*** Given information Section Begins ***

lemma open_eq_disjoint_UN_intervals:
  fixes G :: "real set"
  assumes "open G"
  obtains a l :: "nat \<Rightarrow> real"
  where "G = (\<Union>k. {a k..<a k + l k})" and "disjoint_family (\<lambda>k. {a k..<a k + l k})"
    and "\<And>k. 0 \<le> l k"
proof -
  obtain dec :: "nat \<Rightarrow> nat \<times> int" where "bij dec"
    using bij_betw_from_nat_into[of "UNIV :: (nat \<times> int) set"] by (auto simp: finite_prod)
  define a :: "nat \<Rightarrow> real" where "a k = (case dec k of (m, j) \<Rightarrow> of_int j / 2^m)" for k
  define l :: "nat \<Rightarrow> real"
    where "l k = (case dec k of (m, j) \<Rightarrow> if maximal_dyadic_in G m j then 1 / 2^m else 0)" for k
  have I: "{a k..<a k + l k} =
      (case dec k of (m, j) \<Rightarrow> if maximal_dyadic_in G m j then dyadic_interval m j else {})" for k
    by (auto simp: a_def l_def dyadic_interval_def add_divide_distrib split: prod.split)
  show ?thesis
  proof
    show "0 \<le> l k" for k
      by (simp add: l_def split: prod.split)
    show "disjoint_family (\<lambda>k. {a k..<a k + l k})"
      unfolding disjoint_family_on_def
    proof (intro ballI impI)
      fix k k' :: nat assume "k \<noteq> k'"
      obtain m j m' j' where mj: "dec k = (m, j)" "dec k' = (m', j')"
        by fastforce
      have "(m, j) \<noteq> (m', j')"
        using \<open>k \<noteq> k'\<close> \<open>bij dec\<close> mj by (metis bij_is_inj injD)
      then show "{a k..<a k + l k} \<inter> {a k'..<a k' + l k'} = {}"
        unfolding I mj using maximal_dyadic_in_disjoint[of G m j m' j'] by simp
    qed
    show "G = (\<Union>k. {a k..<a k + l k})"
    proof
      show "G \<subseteq> (\<Union>k. {a k..<a k + l k})"
      proof
        fix z assume "z \<in> G"
        then obtain m j where "maximal_dyadic_in G m j" "z \<in> dyadic_interval m j"
          using open_imp_mem_maximal_dyadic[OF \<open>open G\<close>] by blast
        moreover have "dec (inv dec (m, j)) = (m, j)"
          using \<open>bij dec\<close> by (simp add: bij_is_surj surj_f_inv_f)
        ultimately have "z \<in> {a (inv dec (m, j))..<a (inv dec (m, j)) + l (inv dec (m, j))}"
          unfolding I by simp
        then show "z \<in> (\<Union>k. {a k..<a k + l k})" by blast
      qed
      show "(\<Union>k. {a k..<a k + l k}) \<subseteq> G"
        unfolding I by (auto simp: maximal_dyadic_in_def split: prod.splits if_splits)
    qed
  qed
qed

lemma null_set_interval_cover:
  fixes A :: "real set"
  assumes "A \<in> null_sets lebesgue" and "0 < e"
  obtains a l :: "nat \<Rightarrow> real"
  where "A \<subseteq> (\<Union>k. {a k..<a k + l k})" and "\<And>K. (\<Sum>k<K. l k) \<le> e" and "\<And>k. 0 \<le> l k"
proof -
  obtain G where "open G" "A \<subseteq> G"
    and GA: "G - A \<in> lmeasurable" "emeasure lebesgue (G - A) < ennreal e"
    using sets_lebesgue_outer_open[OF null_setsD2[OF assms(1)] \<open>0 < e\<close>] by blast
  have "G = (G - A) \<union> A"
    using \<open>A \<subseteq> G\<close> by blast
  then have "G \<in> lmeasurable"
    using GA(1) assms(1) by (metis fmeasurableI_null_sets fmeasurable.Un)
  have "measure lebesgue G = measure lebesgue (G - A)"
    using \<open>G \<in> lmeasurable\<close> assms(1) by (simp add: measure_Diff_null_set)
  also have "\<dots> \<le> e"
    using GA by (metis emeasure_eq_measure2 ennreal_leI linorder_not_le order.asym)
  finally have "measure lebesgue G \<le> e" .
  obtain a l :: "nat \<Rightarrow> real" where G: "G = (\<Union>k. {a k..<a k + l k})"
    and disj: "disjoint_family (\<lambda>k. {a k..<a k + l k})" and l: "\<And>k. 0 \<le> l k"
    by (rule open_eq_disjoint_UN_intervals[OF \<open>open G\<close>]) blast
  have sum_le: "(\<Sum>k<K. l k) \<le> e" for K
  proof -
    have "(\<Sum>k<K. l k) = measure lebesgue (\<Union>k<K. {a k..<a k + l k})"
      using l disj by (subst measure_finite_Union) (auto simp: disjoint_family_on_def)
    also have "\<dots> \<le> measure lebesgue G"
      using \<open>G \<in> lmeasurable\<close> G by (intro measure_mono_fmeasurable) auto
    finally show ?thesis
      using \<open>measure lebesgue G \<le> e\<close> by linarith
  qed
  from \<open>A \<subseteq> G\<close> have "A \<subseteq> (\<Union>k. {a k..<a k + l k})"
    unfolding G .
  from this sum_le l show ?thesis
    by (rule that)
qed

*** Given information Section Ends ***

■ What is being asked
With the line that contains "k) = measure" as the starting point, output each line exactly through the end of the listing above.

■ Solved exercise
    have "(\<Sum>k<K. l k) = measure lebesgue (\<Union>k<K. {a k..<a k + l k})"
      using l disj by (subst measure_finite_Union) (auto simp: disjoint_family_on_def)
    also have "\<dots> \<le> measure lebesgue G"
      using \<open>G \<in> lmeasurable\<close> G by (intro measure_mono_fmeasurable) auto
    finally show ?thesis
      using \<open>measure lebesgue G \<le> e\<close> by linarith
  qed
  from \<open>A \<subseteq> G\<close> have "A \<subseteq> (\<Union>k. {a k..<a k + l k})"
    unfolding G .
  from this sum_le l show ?thesis
    by (rule that)
qed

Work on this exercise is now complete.